[[ MATERIAL FOR THIS TASK open ]]

(* Let $\mathbf{k}$ be an algebraically closed field of characteristic zero, $\mathcal{A}=\mathbf{k}[x_1,\ldots,x_n]$, $\mathcal{V}=\bigoplus_{i=1}^n\mathcal{A}\frac{\partial}{\partial x_i}$, $\mathcal{L}_+\subset\mathcal{V}$ the subalgebra of vector fields vanishing at the origin, and $\mathcal{D}$ the Weyl algebra. Let $\varphi:\mathcal{A}\# U(\mathcal{V})\to\mathcal{D}\otimes U(\mathcal{L}_+)$ be the algebra homomorphism which is the natural embedding $f\mapsto f\otimes1$ on $\mathcal{A}$ and satisfies $\varphi(x^k\frac{\partial}{\partial x_p})=x^k\frac{\partial}{\partial x_p}\otimes 1+\sum_{0<m\leq k}\binom{k}{m}x^{k-m}\otimes x^m\frac{\partial}{\partial x_p}$, and let $\psi:\mathcal{D}\otimes U(\mathcal{L}_+)\to\mathcal{A}\# U(\mathcal{V})$ be the algebra homomorphism with $\psi(x^r\partial^s\otimes 1)=x^r\#(\frac{\partial}{\partial x_1})^{s_1}\cdots(\frac{\partial}{\partial x_n})^{s_n}$ and $\psi(1\otimes x^m\frac{\partial}{\partial x_p})=\sum_{0\leq k\leq m}(-1)^{m-k}\binom{m}{k}x^{m-k}\# x^k\frac{\partial}{\partial x_p}$ for $m\neq 0$. Then $\psi\circ\varphi$ and $\varphi\circ\psi$ are the identity maps, i.e., $\varphi$ and $\psi$ are mutually inverse.
   Context: Multi-index notation: $x^k=x_1^{k_1}\cdots x_n^{k_n}$, $\partial^s=(\partial/\partial x_1)^{s_1}\cdots(\partial/\partial x_n)^{s_n}$; $m\le k$ componentwise, $0<m\le k$ means additionally $m\ne0$; $\binom{k}{m}=\prod_i\binom{k_i}{m_i}$; $(-1)^{s}=(-1)^{s_1+\cdots+s_n}$. The smash product $\mathcal{A}\# U(\mathcal{V})$ is $\mathcal{A}\otimes U(\mathcal{V})$ with product $(f\# u)(g\# v)=\sum_i f\,u_i^{(1)}(g)\# u_i^{(2)}v$, $\Delta(u)=\sum_i u_i^{(1)}\otimes u_i^{(2)}$ the coproduct; in particular $(1\#\eta)(f\#1)=f\#\eta+\eta(f)\#1$. *)

theory Defs
  imports "HOL-Computational_Algebra.Polynomial" "HOL-Library.Poly_Mapping"
begin

typedef 'g word = "UNIV :: 'g list set" by simp

setup_lifting type_definition_word

instantiation word :: (type) monoid_add
begin
lift_definition zero_word :: "'g word" is "[]" .
lift_definition plus_word :: "'g word \<Rightarrow> 'g word \<Rightarrow> 'g word" is "(@)" .
instance by standard (transfer, simp)+
end

text \<open>Free associative (noncommutative) k-algebra on generators 'g:
  finitely supported k-valued functions on words, with convolution product.\<close>
type_synonym ('k, 'g) freealg = "'g word \<Rightarrow>\<^sub>0 'k"

lift_definition letter :: "'g \<Rightarrow> 'g word" is "\<lambda>g. [g]" .

definition gen :: "'g \<Rightarrow> ('k::ring_1, 'g) freealg" where
  "gen g = Poly_Mapping.single (letter g) 1"

definition fsc :: "'k \<Rightarrow> ('k::ring_1, 'g) freealg" where
  "fsc c = Poly_Mapping.single 0 c"

inductive_set ideal_gen :: "('k::ring_1, 'g) freealg set \<Rightarrow> ('k, 'g) freealg set"
  for R where
  base: "r \<in> R \<Longrightarrow> r \<in> ideal_gen R"
| zero: "0 \<in> ideal_gen R"
| add: "a \<in> ideal_gen R \<Longrightarrow> b \<in> ideal_gen R \<Longrightarrow> a + b \<in> ideal_gen R"
| mult: "a \<in> ideal_gen R \<Longrightarrow> x * a * y \<in> ideal_gen R"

[[ MATERIAL FOR THIS TASK closed ]]

AIM OF THE EXERCISE: A complete, exact copy of the material above is the expected answer.

RESPONSE BELOW:
(* Let $\mathbf{k}$ be an algebraically closed field of characteristic zero, $\mathcal{A}=\mathbf{k}[x_1,\ldots,x_n]$, $\mathcal{V}=\bigoplus_{i=1}^n\mathcal{A}\frac{\partial}{\partial x_i}$, $\mathcal{L}_+\subset\mathcal{V}$ the subalgebra of vector fields vanishing at the origin, and $\mathcal{D}$ the Weyl algebra. Let $\varphi:\mathcal{A}\# U(\mathcal{V})\to\mathcal{D}\otimes U(\mathcal{L}_+)$ be the algebra homomorphism which is the natural embedding $f\mapsto f\otimes1$ on $\mathcal{A}$ and satisfies $\varphi(x^k\frac{\partial}{\partial x_p})=x^k\frac{\partial}{\partial x_p}\otimes 1+\sum_{0<m\leq k}\binom{k}{m}x^{k-m}\otimes x^m\frac{\partial}{\partial x_p}$, and let $\psi:\mathcal{D}\otimes U(\mathcal{L}_+)\to\mathcal{A}\# U(\mathcal{V})$ be the algebra homomorphism with $\psi(x^r\partial^s\otimes 1)=x^r\#(\frac{\partial}{\partial x_1})^{s_1}\cdots(\frac{\partial}{\partial x_n})^{s_n}$ and $\psi(1\otimes x^m\frac{\partial}{\partial x_p})=\sum_{0\leq k\leq m}(-1)^{m-k}\binom{m}{k}x^{m-k}\# x^k\frac{\partial}{\partial x_p}$ for $m\neq 0$. Then $\psi\circ\varphi$ and $\varphi\circ\psi$ are the identity maps, i.e., $\varphi$ and $\psi$ are mutually inverse.
   Context: Multi-index notation: $x^k=x_1^{k_1}\cdots x_n^{k_n}$, $\partial^s=(\partial/\partial x_1)^{s_1}\cdots(\partial/\partial x_n)^{s_n}$; $m\le k$ componentwise, $0<m\le k$ means additionally $m\ne0$; $\binom{k}{m}=\prod_i\binom{k_i}{m_i}$; $(-1)^{s}=(-1)^{s_1+\cdots+s_n}$. The smash product $\mathcal{A}\# U(\mathcal{V})$ is $\mathcal{A}\otimes U(\mathcal{V})$ with product $(f\# u)(g\# v)=\sum_i f\,u_i^{(1)}(g)\# u_i^{(2)}v$, $\Delta(u)=\sum_i u_i^{(1)}\otimes u_i^{(2)}$ the coproduct; in particular $(1\#\eta)(f\#1)=f\#\eta+\eta(f)\#1$. *)

theory Defs
  imports "HOL-Computational_Algebra.Polynomial" "HOL-Library.Poly_Mapping"
begin

typedef 'g word = "UNIV :: 'g list set" by simp

setup_lifting type_definition_word

instantiation word :: (type) monoid_add
begin
lift_definition zero_word :: "'g word" is "[]" .
lift_definition plus_word :: "'g word \<Rightarrow> 'g word \<Rightarrow> 'g word" is "(@)" .
instance by standard (transfer, simp)+
end

text \<open>Free associative (noncommutative) k-algebra on generators 'g:
  finitely supported k-valued functions on words, with convolution product.\<close>
type_synonym ('k, 'g) freealg = "'g word \<Rightarrow>\<^sub>0 'k"

lift_definition letter :: "'g \<Rightarrow> 'g word" is "\<lambda>g. [g]" .

definition gen :: "'g \<Rightarrow> ('k::ring_1, 'g) freealg" where
  "gen g = Poly_Mapping.single (letter g) 1"

definition fsc :: "'k \<Rightarrow> ('k::ring_1, 'g) freealg" where
  "fsc c = Poly_Mapping.single 0 c"

inductive_set ideal_gen :: "('k::ring_1, 'g) freealg set \<Rightarrow> ('k, 'g) freealg set"
  for R where
  base: "r \<in> R \<Longrightarrow> r \<in> ideal_gen R"
| zero: "0 \<in> ideal_gen R"
| add: "a \<in> ideal_gen R \<Longrightarrow> b \<in> ideal_gen R \<Longrightarrow> a + b \<in> ideal_gen R"
| mult: "a \<in> ideal_gen R \<Longrightarrow> x * a * y \<in> ideal_gen R"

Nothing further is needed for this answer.